From Sailing World Archives:  Vol. 9, No. 29 July 16, 1998

"Forget Magellan, Disney now owns the Pacific Ocean


KANEOHE, Hawaii--Not content to sit on his laurels, Roy Disney and his turbo-charged Santa Cruz 70 Pyewacket added a third record from mainland North America to the state of Hawaii last week.

Already holder of the Victoria-Maui and Transpac Race records (see below), this year Pyewacket decimated the 2,070-mile course record for the West Marine Pacific Cup with a time of 6d:14h:23m, a 13.07-knot average and 32 hours faster than the previous record set in 1996.

Over the last three years, Pyewacket has sailed a total of 6,603 miles in 24d:01h:23m at an average of 11.43 knots. Explorer Ferdinand Magellan may have named the biggest ocean in the world in 1520, but now, seemingly like everything else in the world, Disney owns it.

"It requires luck in the weather as much as anything," said Disney, referring to his boat's triple crown record feat. "You have to hit the weather windows. We had the right amount of wind the whole way. On the third day, exactly 72 hours into the race, we were within a few miles of the halfway point."

After a rough first night beating with a No. 3 and two reefs, Pyewacket was able to bear off and start blasting toward Hawaii. And blast they did, powered by a 4,000-square-foot asymmetric spinnaker on a 35-foot pole. On the second day, Pyewacket posted a 24-hour run of 345 miles.

"A lot of time we were in winds of 16 to 18 knots, and the boat's just doing 12 to 15 constantly," said Disney. "Then a little puff comes along, and suddenly you're up to 19 to 20 knots boatspeed and chatting with your friends."

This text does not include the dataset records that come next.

lemma sum_list_trim_blocks:
  assumes "f (\<lambda>_. 0) = 0"
  shows "(\<Sum>E\<leftarrow>Es. f (restr (E \<inter> {c..}) x)) = (\<Sum>E\<leftarrow>trim_blocks c Es. f (restr E x))"
  by (induction Es) (auto simp: trim_blocks_def assms)

lemma admissible_G_fam_trim_blocks:
  assumes "hereditary (Fs n)" "spreading (Fs n)" "admissible (Fs n) Es"
  shows "admissible (G_fam Fs m n) (trim_blocks (block_index m n) Es)"
proof -
  have adm: "admissible (Fs n) (trim_blocks (block_index m n) Es)"
    using assms by (rule admissible_trim_blocks)
  moreover have "\<forall>i\<in>set (map Min (trim_blocks (block_index m n) Es)). block_index m n \<le> i"
    using trim_blocks_Min_ge[OF assms(3)] by auto
  ultimately show ?thesis by (auto simp: admissible_def G_fam_def)
qed

lemma admissible_G_fam_cases:
  "admissible (G_fam Fs m n) Es \<Longrightarrow> admissible (Fs n) Es \<or> length Es \<le> 1"
  using admissible_S0_length by (auto simp: admissible_def G_fam_def)

lemma fam_norm_le: "(\<And>F. F \<in> \<F> \<Longrightarrow> (\<Sum>k\<in>F. \<bar>x k\<bar>) \<le> B) \<Longrightarrow> 0 \<le> B \<Longrightarrow> fam_norm \<F> x \<le> B"
  unfolding fam_norm_def by (rule cSup_least) auto

locale finite_set_family =
  fixes F0 :: "nat set set"
  assumes finite_F0: "\<And>F. F \<in> F0 \<Longrightarrow> finite F"
begin

lemma sum_abs_le_l1:
  assumes "x \<in> c00" "F \<in> F0"
  shows "(\<Sum>k\<in>F. \<bar>x k\<bar>) \<le> l1_norm x"
proof -
  have fin: "finite (F \<union> supp x)" using assms by (simp add: c00_iff_finite_supp finite_F0)
  then have "(\<Sum>k\<in>F. \<bar>x k\<bar>) \<le> (\<Sum>k\<in>F \<union> supp x. \<bar>x k\<bar>)"
    by (intro sum_mono2) auto
  also have "\<dots> = l1_norm x" using fin by (simp add: weighted_l1_eq_sum[of "F \<union> supp x"])
  finally show ?thesis .
qed

lemma sum_abs_le_fam_norm: "x \<in> c00 \<Longrightarrow> F \<in> F0 \<Longrightarrow> (\<Sum>k\<in>F. \<bar>x k\<bar>) \<le> fam_norm F0 x"
  unfolding fam_norm_def
  by (rule cSup_upper) (auto intro!: bdd_aboveI[of _ "l1_norm x"] sum_abs_le_l1 weighted_l1_nonneg)

lemma fam_norm_nonneg: "x \<in> c00 \<Longrightarrow> 0 \<le> fam_norm F0 x"
  unfolding fam_norm_def
  by (rule cSup_upper) (auto intro!: bdd_aboveI[of _ "l1_norm x"] sum_abs_le_l1 weighted_l1_nonneg)

lemma fam_norm_le_l1: "x \<in> c00 \<Longrightarrow> fam_norm F0 x \<le> l1_norm x"
  by (rule fam_norm_le) (auto intro: sum_abs_le_l1 weighted_l1_nonneg)

lemma fam_norm_restr_le: "x \<in> c00 \<Longrightarrow> fam_norm F0 (restr E x) \<le> fam_norm F0 x"
proof (rule fam_norm_le)
  fix F assume "x \<in> c00" "F \<in> F0"
  have "(\<Sum>k\<in>F. \<bar>restr E x k\<bar>) \<le> (\<Sum>k\<in>F. \<bar>x k\<bar>)" by (intro sum_mono) (simp add: restr_def)
  also have "\<dots> \<le> fam_norm F0 x" using \<open>x \<in> c00\<close> \<open>F \<in> F0\<close> by (rule sum_abs_le_fam_norm)
  finally show "(\<Sum>k\<in>F. \<bar>restr E x k\<bar>) \<le> fam_norm F0 x" .
qed (rule fam_norm_nonneg)

lemma fam_norm_add_le:
  assumes "x \<in> c00" "y \<in> c00"
  shows "fam_norm F0 (\<lambda>k. x k + y k) \<le> fam_norm F0 x + fam_norm F0 y"
proof (rule fam_norm_le)
  fix F assume F: "F \<in> F0"
  have "(\<Sum>k\<in>F. \<bar>x k + y k\<bar>) \<le> (\<Sum>k\<in>F. \<bar>x k\<bar>) + (\<Sum>k\<in>F. \<bar>y k\<bar>)"
    by (simp add: sum.distrib[symmetric] sum_mono abs_triangle_ineq)
  also have "\<dots> \<le> fam_norm F0 x + fam_norm F0 y"
    using assms F by (intro add_mono sum_abs_le_fam_norm)
  finally show "(\<Sum>k\<in>F. \<bar>x k + y k\<bar>) \<le> fam_norm F0 x + fam_norm F0 y" .
qed (use assms in \<open>simp add: fam_norm_nonneg\<close>)

lemma weighted_l1_le_fam_norm:
  assumes sing: "\<And>k. {k} \<in> F0" and x: "x \<in> c00"
    and w: "summable w" "\<And>k. 0 \<le> w k"
  shows "weighted_l1 w x \<le> suminf w * fam_norm F0 x"
proof -
  have "weighted_l1 w x \<le> (\<Sum>k\<in>supp x. w k * fam_norm F0 x)"
    unfolding weighted_l1_def
    using sum_abs_le_fam_norm[OF x sing] w(2) by (intro sum_mono mult_left_mono) auto
  also have "\<dots> = (\<Sum>k\<in>supp x. w k) * fam_norm F0 x"
    by (simp add: sum_distrib_right)
  also have "\<dots> \<le> suminf w * fam_norm F0 x"
    using x w
    by (intro mult_right_mono sum_le_suminf fam_norm_nonneg) (auto simp: c00_iff_finite_supp)
  finally show ?thesis .
qed

end

section \<open>Iterates of the mixed Tsirelson norm\<close>

declare mt_iter.simps(2) [simp del]

locale mixed_tsirelson = finite_set_family F0 for F0 +
  fixes \<theta> :: "nat \<Rightarrow> real"
  assumes theta_nonneg: "\<And>n. 1 \<le> n \<Longrightarrow> 0 \<le> \<theta> n"
    and theta_le_one: "\<And>n. 1 \<le> n \<Longrightarrow> \<theta> n \<le> 1"
begin

lemma theta_mult_le: "1 \<le> n \<Longrightarrow> 0 \<le> a \<Longrightarrow> \<theta> n * a \<le> a"
  by (simp add: mult_left_le_one_le theta_le_one theta_nonneg)

lemma mt_iter_Suc_le:
  assumes "fam_norm F0 x \<le> B" "0 \<le> B"
    "\<And>n Es. 1 \<le> n \<Longrightarrow> admissible (Fs n) Es \<Longrightarrow>
       \<theta> n * (\<Sum>E\<leftarrow>Es. mt_iter F0 \<theta> Fs j (restr E x)) \<le> B"
  shows "mt_iter F0 \<theta> Fs (Suc j) x \<le> B"
  unfolding mt_iter.simps(2) using assms by (auto intro!: cSup_least)

lemma fam_norm_le_mt_iter_Suc: "fam_norm F0 x \<le> mt_iter F0 \<theta> Fs (Suc j) x"
  by (simp add: mt_iter.simps(2))

lemma mt_iter_nonneg: "x \<in> c00 \<Longrightarrow> 0 \<le> mt_iter F0 \<theta> Fs j x"
  by (cases j) (auto intro: order_trans[OF fam_norm_nonneg fam_norm_le_mt_iter_Suc])

lemma theta_mult_sum_le:
  "x \<in> c00 \<Longrightarrow> 1 \<le> n \<Longrightarrow>
    \<theta> n * (\<Sum>E\<leftarrow>Es. mt_iter F0 \<theta> Fs j (restr E x)) \<le> (\<Sum>E\<leftarrow>Es. mt_iter F0 \<theta> Fs j (restr E x))"
  by (auto intro!: theta_mult_le sum_list_nonneg mt_iter_nonneg restr_in_c00)

lemma theta_mult_sum_le_l1:
  assumes "x \<in> c00" "1 \<le> n" "admissible (Fs n) Es"
    and "\<And>y. y \<in> c00 \<Longrightarrow> mt_iter F0 \<theta> Fs j y \<le> l1_norm y"
  shows "\<theta> n * (\<Sum>E\<leftarrow>Es. mt_iter F0 \<theta> Fs j (restr E x)) \<le> l1_norm x"
  using theta_mult_sum_le[OF assms(1,2)] sum_list_restr_le_l1[OF assms(1,3,4)] by (rule order_trans)

text \<open>This bound makes every supremum in the definition of \<^const>\<open>mt_iter\<close> finite.\<close>

lemma mt_iter_le_l1: "x \<in> c00 \<Longrightarrow> mt_iter F0 \<theta> Fs j x \<le> l1_norm x"
proof (induction j arbitrary: x)
  case 0
  then show ?case by (simp add: weighted_l1_nonneg)
next
  case (Suc j)
  then show ?case
    by (intro mt_iter_Suc_le theta_mult_sum_le_l1) (simp_all add: fam_norm_le_l1 weighted_l1_nonneg)
qed

lemma mt_iter_Suc_ge:
  assumes "x \<in> c00" "1 \<le> n" "admissible (Fs n) Es"
  shows "\<theta> n * (\<Sum>E\<leftarrow>Es. mt_iter F0 \<theta> Fs j (restr E x)) \<le> mt_iter F0 \<theta> Fs (Suc j) x"
proof -
  let ?T = "{\<theta> n * (\<Sum>E\<leftarrow>Es. mt_iter F0 \<theta> Fs j (restr E x)) | n Es. n \<ge> 1 \<and> admissible (Fs n) Es}"
  have "bdd_above (insert 0 ?T)"
    using assms(1)
    by (intro bdd_aboveI[of _ "l1_norm x"])
       (auto simp: weighted_l1_nonneg intro!: theta_mult_sum_le_l1 mt_iter_le_l1)
  then have "\<theta> n * (\<Sum>E\<leftarrow>Es. mt_iter F0 \<theta> Fs j (restr E x)) \<le> Sup (insert 0 ?T)"
    using assms(2,3) by (intro cSup_upper) auto
  then show ?thesis by (simp add: mt_iter.simps(2))
qed

lemma mt_iter_mono_Suc: "x \<in> c00 \<Longrightarrow> mt_iter F0 \<theta> Fs j x \<le> mt_iter F0 \<theta> Fs (Suc j) x"
proof (induction j arbitrary: x)
  case 0
  then show ?case using mt_iter_nonneg by simp
next
  case (Suc j)
  show ?case
  proof (rule mt_iter_Suc_le)
    fix n Es assume n: "1 \<le> n" and adm: "admissible (Fs n) Es"
    have "\<theta> n * (\<Sum>E\<leftarrow>Es. mt_iter F0 \<theta> Fs j (restr E x))
        \<le> \<theta> n * (\<Sum>E\<leftarrow>Es. mt_iter F0 \<theta> Fs (Suc j) (restr E x))"
      using Suc theta_nonneg[OF n]
      by (intro mult_left_mono sum_list_mono) (auto intro: restr_in_c00)
    also have "\<dots> \<le> mt_iter F0 \<theta> Fs (Suc (Suc j)) x"
      using Suc.prems n adm by (rule mt_iter_Suc_ge)
    finally show "\<theta> n * (\<Sum>E\<leftarrow>Es. mt_iter F0 \<theta> Fs j (restr E x)) \<le> mt_iter F0 \<theta> Fs (Suc (Suc j)) x" .
  qed (use Suc.prems in \<open>simp_all add: fam_norm_le_mt_iter_Suc mt_iter_nonneg\<close>)
qed

lemma mt_iter_restr_le: "x \<in> c00 \<Longrightarrow> mt_iter F0 \<theta> Fs j (restr A x) \<le> mt_iter F0 \<theta> Fs j x"
proof (induction j arbitrary: x A)
  case 0
  then show ?case by simp
next
  case (Suc j)
  show ?case
  proof (rule mt_iter_Suc_le)
    show "fam_norm F0 (restr A x) \<le> mt_iter F0 \<theta> Fs (Suc j) x"
      using fam_norm_restr_le[OF Suc.prems] fam_norm_le_mt_iter_Suc by (rule order_trans)
    fix n Es assume n: "1 \<le> n" and adm: "admissible (Fs n) Es"
    have "\<theta> n * (\<Sum>E\<leftarrow>Es. mt_iter F0 \<theta> Fs j (restr E (restr A x)))
        \<le> \<theta> n * (\<Sum>E\<leftarrow>Es. mt_iter F0 \<theta> Fs j (restr E x))"
    proof (intro mult_left_mono sum_list_mono)
      fix E
      show "mt_iter F0 \<theta> Fs j (restr E (restr A x)) \<le> mt_iter F0 \<theta> Fs j (restr E x)"
        unfolding restr_commute[of E] using Suc.prems by (intro Suc.IH restr_in_c00)
    qed (rule theta_nonneg[OF n])
    also have "\<dots> \<le> mt_iter F0 \<theta> Fs (Suc j) x"
      using Suc.prems n adm by (rule mt_iter_Suc_ge)
    finally show "\<theta> n * (\<Sum>E\<leftarrow>Es. mt_iter F0 \<theta> Fs j (restr E (restr A x)))
      \<le> mt_iter F0 \<theta> Fs (Suc j) x" .
  qed (rule mt_iter_nonneg[OF Suc.prems])
qed

lemma mt_iter_add_le:
  "x \<in> c00 \<Longrightarrow> y \<in> c00 \<Longrightarrow>
    mt_iter F0 \<theta> Fs j (\<lambda>k. x k + y k) \<le> mt_iter F0 \<theta> Fs j x + mt_iter F0 \<theta> Fs j y"
proof (induction j arbitrary: x y)
  case 0
  then show ?case by simp
next
  case (Suc j)
  let ?N = "mt_iter F0 \<theta> Fs j"
  show ?case
  proof (rule mt_iter_Suc_le)
    show "fam_norm F0 (\<lambda>k. x k + y k) \<le> mt_iter F0 \<theta> Fs (Suc j) x + mt_iter F0 \<theta> Fs (Suc j) y"
      using fam_norm_add_le[OF Suc.prems]
        fam_norm_le_mt_iter_Suc[of x Fs j] fam_norm_le_mt_iter_Suc[of y Fs j]
      by linarith
    fix n Es assume n: "1 \<le> n" and adm: "admissible (Fs n) Es"
    have "\<theta> n * (\<Sum>E\<leftarrow>Es. ?N (restr E (\<lambda>k. x k + y k)))
        \<le> \<theta> n * (\<Sum>E\<leftarrow>Es. ?N (restr E x) + ?N (restr E y))"
    proof (intro mult_left_mono sum_list_mono)
      fix E
      show "?N (restr E (\<lambda>k. x k + y k)) \<le> ?N (restr E x) + ?N (restr E y)"
        unfolding restr_add using Suc.prems by (intro Suc.IH restr_in_c00)
    qed (rule theta_nonneg[OF n])
    also have "\<dots> = \<theta> n * (\<Sum>E\<leftarrow>Es. ?N (restr E x)) + \<theta> n * (\<Sum>E\<leftarrow>Es. ?N (restr E y))"
      by (simp only: sum_list_addf distrib_left)
    also have "\<dots> \<le> mt_iter F0 \<theta> Fs (Suc j) x + mt_iter F0 \<theta> Fs (Suc j) y"
      using Suc.prems n adm by (intro add_mono mt_iter_Suc_ge)
    finally show "\<theta> n * (\<Sum>E\<leftarrow>Es. ?N (restr E (\<lambda>k. x k + y k)))
        \<le> mt_iter F0 \<theta> Fs (Suc j) x + mt_iter F0 \<theta> Fs (Suc j) y" .
  qed (intro add_nonneg_nonneg mt_iter_nonneg Suc.prems)+
qed

lemma mt_iter_le_if_admissible_cases:
  assumes cases: "\<And>n Es. 1 \<le> n \<Longrightarrow> admissible (Gs n) Es \<Longrightarrow> admissible (Fs n) Es \<or> length Es \<le> 1"
  shows "x \<in> c00 \<Longrightarrow> mt_iter F0 \<theta> Gs j x \<le> mt_iter F0 \<theta> Fs j x"
proof (induction j arbitrary: x)
  case 0
  then show ?case by simp
next
  case (Suc j)
  show ?case
  proof (rule mt_iter_Suc_le)
    fix n Es assume n: "1 \<le> n" and adm: "admissible (Gs n) Es"
    have "\<theta> n * (\<Sum>E\<leftarrow>Es. mt_iter F0 \<theta> Gs j (restr E x))
        \<le> \<theta> n * (\<Sum>E\<leftarrow>Es. mt_iter F0 \<theta> Fs j (restr E x))"
      using Suc theta_nonneg[OF n]
      by (intro mult_left_mono sum_list_mono) (auto intro: restr_in_c00)
    also have "\<dots> \<le> mt_iter F0 \<theta> Fs (Suc j) x"
      using cases[OF n adm]
    proof
      assume "admissible (Fs n) Es"
      then show ?thesis using Suc.prems n by (intro mt_iter_Suc_ge)
    next
      assume "length Es \<le> 1"
      then have "(\<Sum>E\<leftarrow>Es. mt_iter F0 \<theta> Fs j (restr E x)) \<le> mt_iter F0 \<theta> Fs j x"
        using Suc.prems by (cases Es) (auto simp: mt_iter_nonneg mt_iter_restr_le)
      with theta_mult_sum_le[OF Suc.prems n, where Fs=Fs and j=j and Es=Es]
        mt_iter_mono_Suc[OF Suc.prems, where Fs=Fs and j=j] show ?thesis
        by linarith
    qed
    finally show "\<theta> n * (\<Sum>E\<leftarrow>Es. mt_iter F0 \<theta> Gs j (restr E x)) \<le> mt_iter F0 \<theta> Fs (Suc j) x" .
  qed (use Suc.prems in \<open>simp_all add: fam_norm_le_mt_iter_Suc mt_iter_nonneg\<close>)
qed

At that speed, Disney said the boat handles OK, although he wished the rudder were a little smaller. "The rudder's so big that the boat gets a little twitchy. It's a little like walking on eggs. I thought we may have been over-turboed."

The turbo sleds, which saw four of five starters complete the course (Robert McNiel's Zephyros returned to San Francisco 24 hours after the with a broken mast), were allowed to use water ballast, and here Pyewacket had an edge on its competition.

"We had rubberized plastic bags hanging over the side," said Disney. "Most of the other boats just had water jugs on bunks or on the rail. We added some pad eyes on deck to hang the bags from. It allowed us to carry the equivalent of 18 crew."

The only real problem the crew encountered along the way was a frozen steering cable sheave. It freed after being sprayed with some lubricant, but while frozen the Vectran steering cable flattened where it rubbed against the sheave.

A repair was effected while under full sail. "The guys laid out what had to be done, and then said, 'OK, let's do it.'," said Disney. "We had the emergency tiller out, and it only took a couple minutes to change the Vectran. Luckily, there wasn't much pressure on the tiller."

Most of the crew -- Roy P. Disney, Stan Honey, Robbie Haines, Rick Brent, Gregg Hedrick, Ben Mitchell, Dan Crowley, Zan Drejes, Doug Rastello and Dick Loewy --have sailed all three races.

Since its launching in '91, the Santa Cruz 70 Pyewacket has been a consistent winner.

Despite that, Disney expects to take delivery of a new Reichel/Pugh-designed sled
this fall.

"It's kind of akin to Zephyros," said Disney. "Zephyros is clearly faster. It just hasn't been able to show it because its rig keeps falling."

With a new boat and the same crew, records just may keep falling for Disney."